Equitable Distribution States
In equitable distribution states, debt is divided fairly but not always equally.
Courts look at:
Who incurred the debt and for what purpose (Was it for family needs or personal use?)
Each spouse's ability to pay
Whether one spouse will keep certain property (e.g., the house or car with a loan attached)
Example:
If one spouse racks up credit card debt on personal purchases without the other’s knowledge, the court may assign more of that debt to the spender.
Marital vs. Separate Debt
Marital Debt: Debt incurred during the marriage for the benefit of the household (e.g., mortgage, car loans, credit cards).
Separate Debt: Debt incurred before marriage or for personal use during the marriage (e.g., gambling debt, secret credit cards).
Courts generally assign separate debts to the spouse who created them.
Joint Accounts and Cosigned Loans
If both names are on a loan or credit card, creditors can pursue either party for repayment, regardless of the divorce decree.

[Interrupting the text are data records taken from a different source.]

lemma bis_reflect_comb:
  assumes "\<not> collinear {V, U, W}"
  shows "bis_reflect V U W (s *\<^sub>R (U - V) + t *\<^sub>R (W - V))
    = (s * dist U V / dist W V) *\<^sub>R (W - V) + (t * dist W V / dist U V) *\<^sub>R (U - V)"
proof -
  define u where "u = U - V"
  define w where "w = W - V"
  have nc: "\<not> collinear {0, u, w}"
    using assms collinear_3[of U V W] by (simp add: u_def w_def insert_commute)
  then have "u \<noteq> 0" "w \<noteq> 0"
    unfolding collinear_lemma by blast+
  moreover have "(1 / norm u) *\<^sub>R u + (1 / norm w) *\<^sub>R w \<noteq> 0"
  proof
    assume "(1 / norm u) *\<^sub>R u + (1 / norm w) *\<^sub>R w = 0"
    then have "norm w *\<^sub>R ((1 / norm u) *\<^sub>R u + (1 / norm w) *\<^sub>R w) = 0"
      by simp
    then have "(norm w / norm u) *\<^sub>R u + w = 0"
      using \<open>w \<noteq> 0\<close> by (simp add: scaleR_add_right)
    then have "w = (- (norm w / norm u)) *\<^sub>R u"
      by (simp add: add_eq_0_iff)
    then show False
      using nc unfolding collinear_lemma by blast
  qed
  ultimately show ?thesis
    using reflect_in_bisector[of u w s t]
    by (simp add: bis_reflect_def Let_def u_def w_def dist_norm)
qed

lemma isogonal_at_coeffs:
  assumes "\<not> collinear {V, U, W}"
    and "isogonal_at V U W (V + s *\<^sub>R (U - V) + t *\<^sub>R (W - V)) (V + s' *\<^sub>R (U - V) + t' *\<^sub>R (W - V))"
  shows "s * s' * (dist U V)^2 = t * t' * (dist W V)^2"
proof -
  define u where "u = U - V"
  define w where "w = W - V"
  define c where "c = dist U V"
  define b where "b = dist W V"
  have "U \<noteq> V" "W \<noteq> V"
    using assms(1) collinear_2 by (metis insert_absorb2 insert_commute)+
  then have "c > 0" "b > 0"
    by (simp_all add: c_def b_def)
  have "det2 u w \<noteq> 0"
    using assms(1) by (simp add: collinear_iff_det2 u_def w_def)
  have "det2 (s' *\<^sub>R u + t' *\<^sub>R w) (bis_reflect V U W (s *\<^sub>R u + t *\<^sub>R w)) = 0"
    using assms(2) unfolding isogonal_at_def collinear_iff_det2 u_def w_def
    by (simp only: add.assoc add_diff_cancel_left')
  then have "det2 (s' *\<^sub>R u + t' *\<^sub>R w) ((s * c / b) *\<^sub>R w + (t * b / c) *\<^sub>R u) = 0"
    using bis_reflect_comb[OF assms(1), of s t] by (simp add: u_def w_def c_def b_def)
  moreover have "det2 (s' *\<^sub>R u + t' *\<^sub>R w) (\<alpha> *\<^sub>R w + \<beta> *\<^sub>R u) = (s' * \<alpha> - t' * \<beta>) * det2 u w"
    for \<alpha> \<beta>
    by (simp add: det2_def algebra_simps)
  ultimately have "s' * (s * c / b) = t' * (t * b / c)"
    using \<open>det2 u w \<noteq> 0\<close> by simp
  then show ?thesis
    using \<open>c > 0\<close> \<open>b > 0\<close> by (simp add: c_def[symmetric] b_def[symmetric] field_simps power2_eq_square)
qed

lemma from_bary_from_vertex:
  assumes "y$1 + y$2 + y$3 = 1"
  shows "from_bary A B C y = B + y$3 *\<^sub>R (C - B) + y$1 *\<^sub>R (A - B)"
    "from_bary A B C y = C + y$1 *\<^sub>R (A - C) + y$2 *\<^sub>R (B - C)"
proof -
  have "from_bary A B C y = (y$1 + y$2 + y$3) *\<^sub>R B + y$3 *\<^sub>R (C - B) + y$1 *\<^sub>R (A - B)"
    "from_bary A B C y = (y$1 + y$2 + y$3) *\<^sub>R C + y$1 *\<^sub>R (A - C) + y$2 *\<^sub>R (B - C)"
    by (simp_all add: from_bary_def algebra_simps)
  then show "from_bary A B C y = B + y$3 *\<^sub>R (C - B) + y$1 *\<^sub>R (A - B)"
    "from_bary A B C y = C + y$1 *\<^sub>R (A - C) + y$2 *\<^sub>R (B - C)"
    using assms by simp_all
qed

lemma isogonal_conj_bary_nonzero:
  assumes "isogonal_conj A B C P P'"
  shows "\<forall>i. bary A B C P $ i \<noteq> 0" "\<forall>i. bary A B C P' $ i \<noteq> 0"
  using assms bary_eq_0_iff_collinear by (simp_all add: forall_3 isogonal_conj_def)

lemma isogonal_conj_bary:
  assumes "isogonal_conj A B C P P'"
  obtains a where
    "bary A B C P * bary A B C P' = a *\<^sub>R vector [(dist B C)^2, (dist C A)^2, (dist A B)^2]"
proof -
  let ?p = "bary A B C P" and ?p' = "bary A B C P'"
  have nc: "\<not> collinear {A, B, C}" "\<not> collinear {B, C, A}" "\<not> collinear {C, A, B}"
    using assms by (simp_all add: isogonal_conj_def insert_commute)
  have "from_bary A B C ?p = P" "from_bary A B C ?p' = P'"
    using from_bary_bary[OF nc(1)] by simp_all
  then have "isogonal_at B C A (B + ?p$3 *\<^sub>R (C - B) + ?p$1 *\<^sub>R (A - B))
      (B + ?p'$3 *\<^sub>R (C - B) + ?p'$1 *\<^sub>R (A - B))"
    "isogonal_at C A B (C + ?p$1 *\<^sub>R (A - C) + ?p$2 *\<^sub>R (B - C))
      (C + ?p'$1 *\<^sub>R (A - C) + ?p'$2 *\<^sub>R (B - C))"
    using assms from_bary_from_vertex[of ?p A B C] from_bary_from_vertex[of ?p' A B C] bary_sum[OF nc(1)]
    unfolding isogonal_conj_def by simp_all
  \<comment> \<open>the relation at the vertex \<open>A\<close> follows from these two\<close>
  then have rel: "?p$3 * ?p'$3 * (dist C B)^2 = ?p$1 * ?p'$1 * (dist A B)^2"
    "?p$1 * ?p'$1 * (dist A C)^2 = ?p$2 * ?p'$2 * (dist B C)^2"
    using isogonal_at_coeffs nc(2,3) by blast+
  have "B \<noteq> C" using nc(1) by auto
  then have "dist B C \<noteq> 0" by simp
  define a where "a = ?p$1 * ?p'$1 / (dist B C)^2"
  have "?p * ?p' = a *\<^sub>R vector [(dist B C)^2, (dist C A)^2, (dist A B)^2]"
    using rel \<open>dist B C \<noteq> 0\<close>
    by (simp add: vec_eq_iff forall_3 a_def dist_commute field_simps)
  then show ?thesis using that by blast
qed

If your ex-spouse is supposed to pay a joint debt but fails to do so, creditors can come after you.
Refinancing or removing names from accounts after divorce is crucial to avoid credit damage.
Protecting Yourself:
Close joint accounts during the divorce process.
Refinance loans to remove one party's name if possible.
Consider a written agreement to cover debts in case of default.
Monitor your credit report to catch missed payments early.